On the 3rd computer, which is my computer, at first i was getting this same error messages. I have 2 accounts on this machine, my primary user account and a second that never gets used, at all.

Anyway, I checked the account settings for both users, checked their group memberships and all that good stuff, nothing, i restarted the computer, nothing. I removed both user accounts for every group except the administrators group, still nothing. So i decided to scan it MBAM, well, because i running out of useful ideas. MBAM found a single infected object in the recyclebin, but its path was masked from the OS, so at first it seemed like a false positive, or a ghost file, but it wasnt. I had MBAM remove the file, let it restart my computer and all was well. After it rebooted I started MBAR with no problems. I updated MBAR and started a scan, everything seemed to be going fine, except MBAR was taking a REALLY long time to scan my computer. 1:45 mins in to the scan i had to relocate, it was really late and i had to go home. I had told my laptop to hibernate, which it usually does without issues.
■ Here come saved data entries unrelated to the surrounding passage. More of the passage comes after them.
(* Let $N\ge3$, let $G_{2N}=K_2\otimes K_N$, and let $k=N-1$ be the common degree of its vertices. For vertices $i,j$ let $d_{ij}$ be their distance, and let $M^m_{ij}$ be the number of walks of length $m$ from $i$ to $j$ in $G_{2N}$. Then: - if $i\neq j$, $d_{ij}=1$ and $m$ is odd, then $M^m_{ij}=\frac{k^{m}+1}{k+1}$; - if $i\neq j$, $d_{ij}=2$ and $m\ge 2$ is even, then $M^m_{ij}=\frac{k^{m}-1}{k+1}$; - if $i=j$ and $m$ is odd, then $M^m_{ii}=0$; - if $i=j$ and $m\ge2$ is even, then $M^m_{ii}=\frac{k^{m}-1}{k+1}+1$.
   Context: $K_2\otimes K_N$ is the Kronecker (tensor) product of $K_2$ and $K_N$. Its vertex set is $\{1,2\}\times\{1,\dots,N\}$, with $(a,u)\sim(b,v)$ if and only if $a\neq b$ and $u\neq v$. *)

theory Defs
  imports Complex_Main
begin

definition tensor_vertices :: "nat \<Rightarrow> (nat \<times> nat) set" where
  "tensor_vertices N = {1,2} \<times> {1..N}"

definition tensor_adj :: "nat \<Rightarrow> nat \<times> nat \<Rightarrow> nat \<times> nat \<Rightarrow> bool" where
  "tensor_adj N x y \<longleftrightarrow> x \<in> tensor_vertices N \<and> y \<in> tensor_vertices N
      \<and> fst x \<noteq> fst y \<and> snd x \<noteq> snd y"

definition walks :: "nat \<Rightarrow> nat \<Rightarrow> nat \<times> nat \<Rightarrow> nat \<times> nat \<Rightarrow> (nat \<times> nat) list set" where
  "walks N m i j = {p. length p = Suc m \<and> set p \<subseteq> tensor_vertices N
      \<and> hd p = i \<and> last p = j \<and> (\<forall>t<m. tensor_adj N (p ! t) (p ! Suc t))}"

definition num_walks :: "nat \<Rightarrow> nat \<Rightarrow> nat \<times> nat \<Rightarrow> nat \<times> nat \<Rightarrow> nat" where
  "num_walks N m i j = card (walks N m i j)"

definition graph_dist :: "nat \<Rightarrow> nat \<times> nat \<Rightarrow> nat \<times> nat \<Rightarrow> nat" where
  "graph_dist N i j = (LEAST m. walks N m i j \<noteq> {})"

end

theory Submission
  imports Defs
begin

text \<open>Counting walks by their last step, the number of walks of length m+1 from i to j is the
  sum of the numbers of walks of length m from i to the neighbours of j. This recursion is solved
  in closed form by induction on m: N times the count vanishes unless the parity of m matches
  whether i and j lie in the same copy of K_N, and otherwise it is k^m + k(-1)^m or k^m - (-1)^m
  according as i and j do or do not share their K_N-coordinate. The closed form is positive for
  m = 2 or 3 of the right parity, so the graph is connected and a walk of length d_ij exists;
  a walk of length 1 makes i and j adjacent and, the graph being bipartite, a walk of length 2
  puts them in the same copy of K_N.\<close>

lemma finite_walks: "finite (walks N m i j)"
proof (rule finite_subset)
  show "walks N m i j \<subseteq> {p. set p \<subseteq> tensor_vertices N \<and> length p = Suc m}"
    unfolding walks_def by auto
  show "finite {p. set p \<subseteq> tensor_vertices N \<and> length p = Suc m}"
    by (rule finite_lists_length_eq) (simp add: tensor_vertices_def)
qed

lemma walks_0: "walks N 0 i j = (if i = j \<and> i \<in> tensor_vertices N then {[i]} else {})"
  unfolding walks_def by (auto simp: length_Suc_conv)

lemma snoc_in_walks_iff:
  "p @ [j] \<in> walks N (Suc m) i j \<longleftrightarrow> (\<exists>x. p \<in> walks N m i x \<and> tensor_adj N x j)"
proof
  assume "p @ [j] \<in> walks N (Suc m) i j"
  then have len: "length p = Suc m" and vs: "set p \<subseteq> tensor_vertices N" and "hd p = i"
    and steps: "\<forall>t<Suc m. tensor_adj N ((p @ [j]) ! t) ((p @ [j]) ! Suc t)"
    unfolding walks_def by (auto simp: hd_append)
  then have "p \<noteq> []" by auto
  have "\<forall>t<m. tensor_adj N (p ! t) (p ! Suc t)"
  proof (intro allI impI)
    fix t assume "t < m"
    then show "tensor_adj N (p ! t) (p ! Suc t)"
      using steps[rule_format, of t] len by (simp add: nth_append)
  qed
  moreover have "tensor_adj N (last p) j"
    using steps[rule_format, of m] len \<open>p \<noteq> []\<close> by (simp add: nth_append last_conv_nth)
  ultimately show "\<exists>x. p \<in> walks N m i x \<and> tensor_adj N x j"
    using len vs \<open>hd p = i\<close> unfolding walks_def by blast
next
  assume "\<exists>x. p \<in> walks N m i x \<and> tensor_adj N x j"
  then obtain x where p: "p \<in> walks N m i x" and adj: "tensor_adj N x j" by blast
  then have len: "length p = Suc m" and "p \<noteq> []" and "last p = x" and "hd p = i"
    and steps: "\<forall>t<m. tensor_adj N (p ! t) (p ! Suc t)"
    unfolding walks_def by auto
  have "\<forall>t<Suc m. tensor_adj N ((p @ [j]) ! t) ((p @ [j]) ! Suc t)"
    using steps adj len \<open>last p = x\<close> \<open>p \<noteq> []\<close>
    by (auto simp: nth_append less_Suc_eq last_conv_nth)
  with p adj len \<open>hd p = i\<close> \<open>p \<noteq> []\<close> show "p @ [j] \<in> walks N (Suc m) i j"
    unfolding walks_def tensor_adj_def by auto
qed

lemma walks_Suc:
  "walks N (Suc m) i j = (\<Union>x\<in>{x. tensor_adj N x j}. (\<lambda>p. p @ [j]) ` walks N m i x)"
proof (intro equalityI subsetI)
  fix q assume q: "q \<in> walks N (Suc m) i j"
  then have "q \<noteq> []" and "last q = j"
    unfolding walks_def by auto
  then have "q = butlast q @ [j]"
    by (metis append_butlast_last_id)
  moreover obtain x where "butlast q \<in> walks N m i x" and "tensor_adj N x j"
    using q calculation snoc_in_walks_iff by metis
  ultimately show "q \<in> (\<Union>x\<in>{x. tensor_adj N x j}. (\<lambda>p. p @ [j]) ` walks N m i x)"
    by blast
qed (blast intro: snoc_in_walks_iff[THEN iffD2])

lemma num_walks_Suc:
  "num_walks N (Suc m) i j = (\<Sum>x\<in>{x. tensor_adj N x j}. num_walks N m i x)"
proof -
  have fin: "finite {x. tensor_adj N x j}"
    by (rule finite_subset[of _ "tensor_vertices N"]) (auto simp: tensor_adj_def tensor_vertices_def)
  have "num_walks N (Suc m) i j = (\<Sum>x\<in>{x. tensor_adj N x j}. card ((\<lambda>p. p @ [j]) ` walks N m i x))"
    unfolding num_walks_def walks_Suc
  proof (rule card_UN_disjoint[OF fin])
    show "\<forall>x\<in>{x. tensor_adj N x j}. finite ((\<lambda>p. p @ [j]) ` walks N m i x)"
      by (simp add: finite_walks)
  qed (auto simp: walks_def)
  also have "\<dots> = (\<Sum>x\<in>{x. tensor_adj N x j}. num_walks N m i x)"
    unfolding num_walks_def by (intro sum.cong refl card_image) (auto intro: inj_onI)
  finally show ?thesis .
qed

lemma tensor_adj_neighbours:
  assumes "j \<in> tensor_vertices N"
  shows "{x. tensor_adj N x j} = (\<lambda>w. (3 - fst j, w)) ` ({1..N} - {snd j})"
proof (intro equalityI subsetI)
  fix x assume "x \<in> {x. tensor_adj N x j}"
  with assms have "x = (3 - fst j, snd x)" and "snd x \<in> {1..N} - {snd j}"
    unfolding tensor_adj_def tensor_vertices_def by (auto simp: prod_eq_iff)
  then show "x \<in> (\<lambda>w. (3 - fst j, w)) ` ({1..N} - {snd j})"
    by (metis imageI)
qed (use assms in \<open>auto simp: tensor_adj_def tensor_vertices_def\<close>)
lemma sum_doob_increments_upto:
  assumes "n \<le> H"
  shows "(\<Sum>l=1..n. doob_increment \<mu> P \<phi> H l x) = (\<Sum>l=1..n. \<phi> l (x l))
     + measure_pmf.expectation (step_kernel \<mu> P n (x n)) (value_fun P \<phi> H (Suc n))
     - measure_pmf.expectation \<mu> (value_fun P \<phi> H 1)"
  using assms
proof (induction n)
  case 0
  then show ?case
    by (simp add: step_kernel_def)
next
  case (Suc n)
  then have "doob_increment \<mu> P \<phi> H (Suc n) x = \<phi> (Suc n) (x (Suc n))
     + measure_pmf.expectation (step_kernel \<mu> P (Suc n) (x (Suc n))) (value_fun P \<phi> H (Suc (Suc n)))
     - measure_pmf.expectation (step_kernel \<mu> P n (x n)) (value_fun P \<phi> H (Suc n))"
    by (simp add: doob_increment_def value_fun_eq step_kernel_def)
  then show ?case
    using Suc by simp
qed

lemma sum_doob_increments:
  "(\<Sum>l=1..H. doob_increment \<mu> P \<phi> H l x)
     = (\<Sum>l=1..H. \<phi> l (x l)) - measure_pmf.expectation \<mu> (value_fun P \<phi> H 1)"
  using sum_doob_increments_upto[of H H \<mu> P \<phi> x] by simp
Fast forward 18 hours to this afternoon. I grab my laptop and boot it and to my dismay i find out my laptop didn't hibernate for whatever reason, I looks like it hung up at some point during the hibernation process, because the battery was dead and windows was booting after having not been cleanly shutdown. so that whole scan was gone, however when i tried to run MBAR this afternoon, I am back to got this error again. I tried a few things, including running MBAM again, nothing.

I would like to figure out what’s causing this, MBAR looks like it has promise of being a good utility and a nice addition to my arsenal, however i've got to get it to run consistantly first. Not to mention that i would like to scan my computer, i think its infected because its performance went completely south a couple days ago.

Link to post
Share on other sites

Hello and welcome to Malwarebytes

If you think you are infected, here are the steps needed to get your computer cleaned....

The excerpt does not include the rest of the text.